When rating scales are imported into healthcare the clinical gaze risks being captured by those whose interests are served by the measurement technology. The rating scales add to company abilities to hypnotize clinicians and enfold them in a world defined by the marketing departments of pharmaceutical companies.
But it is not only the clinical gaze that is captured. The very nature of human experience can be redefined. Thus the creation of female sexual dysfunction (FSD) hinged on producing treatment changes on rating scales that include items such as clitoral numbness—because this is the kind of thing that can be tallied on a rating scale. Focusing on whether one's clitoris is numb or not, while making love, risks changing the entire experience of making love. It also creates a discontent, and perhaps focuses other discontents on this area, with a drug becoming the apparent answer to these discontents.32
The rating scale maps out the contours of
this new condition. The measurement and disease mongering of FSD has led in recent years to women in their twenties with three young children who have lost interest in sex being encouraged to think they should have their testosterone levels checked rather than considering that their problems may stem from the circumstances in which they find themselves.33 But aside from the women who may opt for low-dose testosterone as a result, the wider culture surrounding these issues has changed in ways that affect how all women perceive what is going on in them, in a manner analogous to the way the marketing of HRT up until recently persuaded a lot of women that being postmenopausal was to be diseased.
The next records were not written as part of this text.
(* Consider the $M_t^{B_t}/G_t/\infty$ queue described in the context, starting empty at time $0$. For each $t\ge0$ and all $\alpha,\beta,\gamma\ge0$, $$\mathbb{E}\big[e^{-\alpha W(t)-\beta Q(t)-\gamma D(t)}\big]=\exp\Big(-\int_0^t\mathcal{E}_s\Big[1-e^{-\sum_{j=1}^{B_s}\left[\beta\mathbf{1}(S_j(s)>t-s)+\gamma\mathbf{1}(S_j(s)\le t-s)+\alpha(S_j(s)-(t-s))^+\right]}\Big]\lambda(s)\,ds\Big).$$
   Context: Model ($M_t^{B_t}/G_t/\infty$ queue): batches of customers arrive at the points of a non-homogeneous Poisson process $\{A(t);t\ge0\}$ on $[0,\infty)$ with rate function $\lambda:[0,\infty)\to[0,\infty)$. A batch arriving at time $s$ has a random positive-integer size $B_s$ and its customers bring amounts of work $S_1(s),\dots,S_{B_s}(s)$, with joint law depending on $s$ (possibly dependent within a batch); different batches are independent of each other and of the arrival process. $\mathcal{E}_s$ denotes expectation with respect to the law of a batch arriving at time $s$. There are infinitely many servers, so a customer arriving at time $s$ with work $S$ departs at time $s+S$. $Q(t)$ is the number of customers in the system at time $t$, $D(t)$ the number of departures in $(0,t]$, and $W(t)$ is the workload at time $t$, i.e. the total remaining work $\sum (S-(t-s))^+$ over all customers who arrived at times $s\le t$ with work $S$. *)

theory Defs
  imports "HOL-Probability.Probability"
begin

text \<open>Mark space of a batch: (batch size b, works S 0, S 1, ...); only S 0 .. S (b-1) matter.\<close>
definition markM :: "(nat \<times> (nat \<Rightarrow> real)) measure" where
  "markM = count_space UNIV \<Otimes>\<^sub>M PiM UNIV (\<lambda>_. borel)"

text \<open>Space of sequences of arrival epochs (ereal, with \<infinity> meaning no such arrival).\<close>
definition timesM :: "(nat \<Rightarrow> ereal) measure" where
  "timesM = PiM UNIV (\<lambda>_. borel)"

definition poisson_prob :: "real \<Rightarrow> nat \<Rightarrow> real" where
  "poisson_prob L k = exp (- L) * L ^ k / fact k"

definition arrivals :: "(nat \<Rightarrow> 'w \<Rightarrow> ereal) \<Rightarrow> 'w \<Rightarrow> real \<Rightarrow> nat set" where
  "arrivals T \<omega> t = {n. T n \<omega> \<le> ereal t}"

definition Acount :: "(nat \<Rightarrow> 'w \<Rightarrow> ereal) \<Rightarrow> 'w \<Rightarrow> real \<Rightarrow> nat" where
  "Acount T \<omega> t = card (arrivals T \<omega> t)"

definition nhpp :: "'w measure \<Rightarrow> (real \<Rightarrow> real) \<Rightarrow> (nat \<Rightarrow> 'w \<Rightarrow> ereal) \<Rightarrow> bool" where
  "nhpp M lam T \<longleftrightarrow>
     (\<forall>s\<ge>0. 0 \<le> lam s) \<and>
     (\<forall>t\<ge>0. set_integrable lborel {0..t} lam) \<and>
     (\<forall>n. T n \<in> borel_measurable M) \<and>
     (\<forall>\<omega>\<in>space M. \<forall>n. 0 < T n \<omega>) \<and>
     (\<forall>\<omega>\<in>space M. \<forall>t. finite (arrivals T \<omega> t)) \<and>
     (\<forall>a b k. 0 \<le> a \<longrightarrow> a \<le> b \<longrightarrow>
        measure M {\<omega>\<in>space M. Acount T \<omega> b - Acount T \<omega> a = k}
          = poisson_prob (LINT s:{a<..b}|lborel. lam s) k) \<and>
     (\<forall>(n::nat) (\<tau>::nat \<Rightarrow> real). 0 \<le> \<tau> 0 \<longrightarrow> mono \<tau> \<longrightarrow>
        prob_space.indep_vars M (\<lambda>_. count_space UNIV)
          (\<lambda>i \<omega>. Acount T \<omega> (\<tau> (Suc i)) - Acount T \<omega> (\<tau> i)) {..<n})"

definition batch_kernel :: "(real \<Rightarrow> (nat \<times> (nat \<Rightarrow> real)) measure) \<Rightarrow> bool" where
  "batch_kernel K \<longleftrightarrow> K \<in> borel \<rightarrow>\<^sub>M prob_algebra markM \<and>
     (\<forall>s\<ge>0. AE y in K s. 1 \<le> fst y \<and> (\<forall>j<fst y. 0 \<le> snd y j))"

text \<open>Batches are independent of each other and of the arrival process, the n-th batch
  having law K (T n): joint law of (T, Y 0, ..., Y (n-1)) is that of T with conditionally
  independent marks.\<close>
definition marked_by :: "'w measure \<Rightarrow> (real \<Rightarrow> (nat \<times> (nat \<Rightarrow> real)) measure)
    \<Rightarrow> (nat \<Rightarrow> 'w \<Rightarrow> ereal) \<Rightarrow> (nat \<Rightarrow> 'w \<Rightarrow> nat \<times> (nat \<Rightarrow> real)) \<Rightarrow> bool" where
  "marked_by M K T Y \<longleftrightarrow>
     (\<forall>n. Y n \<in> M \<rightarrow>\<^sub>M markM) \<and>
     (\<forall>(n::nat) C E. C \<in> sets timesM \<longrightarrow> (\<forall>i<n. E i \<in> sets markM) \<longrightarrow>
        emeasure M {\<omega>\<in>space M. (\<lambda>k. T k \<omega>) \<in> C \<and> (\<forall>i<n. Y i \<omega> \<in> E i)}
          = (\<integral>\<^sup>+\<omega>. indicator C (\<lambda>k. T k \<omega>) *
                 (\<Prod>i<n. emeasure (K (real_of_ereal (T i \<omega>))) (E i)) \<partial>M))"

definition Qnum :: "(nat \<Rightarrow> 'w \<Rightarrow> ereal) \<Rightarrow> (nat \<Rightarrow> 'w \<Rightarrow> nat \<times> (nat \<Rightarrow> real)) \<Rightarrow> real \<Rightarrow> 'w \<Rightarrow> nat" where
  "Qnum T Y t \<omega> = (\<Sum>n\<in>arrivals T \<omega> t.
      card {j. j < fst (Y n \<omega>) \<and> snd (Y n \<omega>) j > t - real_of_ereal (T n \<omega>)})"

definition Dnum :: "(nat \<Rightarrow> 'w \<Rightarrow> ereal) \<Rightarrow> (nat \<Rightarrow> 'w \<Rightarrow> nat \<times> (nat \<Rightarrow> real)) \<Rightarrow> real \<Rightarrow> 'w \<Rightarrow> nat" where
  "Dnum T Y t \<omega> = (\<Sum>n\<in>arrivals T \<omega> t.
      card {j. j < fst (Y n \<omega>) \<and> snd (Y n \<omega>) j \<le> t - real_of_ereal (T n \<omega>)})"

definition Wload :: "(nat \<Rightarrow> 'w \<Rightarrow> ereal) \<Rightarrow> (nat \<Rightarrow> 'w \<Rightarrow> nat \<times> (nat \<Rightarrow> real)) \<Rightarrow> real \<Rightarrow> 'w \<Rightarrow> real" where
  "Wload T Y t \<omega> = (\<Sum>n\<in>arrivals T \<omega> t. \<Sum>j<fst (Y n \<omega>).
      max 0 (snd (Y n \<omega>) j - (t - real_of_ereal (T n \<omega>))))"

end

theory Submission
  imports Defs
begin

(* Writing H(s, y) for the exponent contributed by a batch y that arrived at time s, the quantity
   exp (-alpha W(t) - beta Q(t) - gamma D(t)) is the product of exp (-H(T n, Y n)) over the batches
   that arrived by time t. Conditionally on the arrival epochs the batches are independent with
   laws K (T n), so the expectation equals E [prod g (T n)] with g s = E_s [exp (-H(s, .))].
   The probability generating functional of the Poisson process,
   E [prod over T n <= t of g (T n)] = exp (- integral over [0, t] of (1 - g) lam),
   holds for step functions by independence of the increments and the Poisson generating
   function, and it is stable under bounded pointwise limits; as every Borel function is of Baire
   class, it holds for all Borel g with values in [0, 1].
   The conditioning identity holds for rectangle indicators by the definition of marked_by; the
   factors are replaced one at a time by arbitrary bounded test functions, using that finite
   measures on a product space are determined by their values on rectangles. *)

section \<open>Baire functions\<close>

inductive baire :: "(real \<Rightarrow> real) \<Rightarrow> bool" where
  baire_continuous: "continuous_on UNIV f \<Longrightarrow> baire f"
| baire_limit: "(\<And>k. baire (F k)) \<Longrightarrow> (\<And>x. (\<lambda>k. F k x) \<longlonglongrightarrow> f x) \<Longrightarrow> baire f"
While rating scales, along with blood tests for cholesterol levels or bone scans for bone densities, do generate data, exclusive reliance on such data, an increasing temptation among harried doctors, leads to what I call informational reductionism. Critics have complained for decades about the biomedical reductionism that supposedly dehumanizes clinical exchanges. Reducing humans to their bodies—whether hormones or neurotransmitters or the mechanical actions of their heart— for these critics is not a fit way to treat people. But where an old-style medical encounter might lead to a focus on some important aspect of a patient's physical state, the upside of such reductionism has always been that the doctor might thereby pinpoint something that would help lift us out of some real disability or even save our life. In contrast, there is not a single benefit likely to accrue from this new informational reductionism whether embodied in lipid levels, bone density measurements, or rating scale scores—although the measurements are sold as empowering us.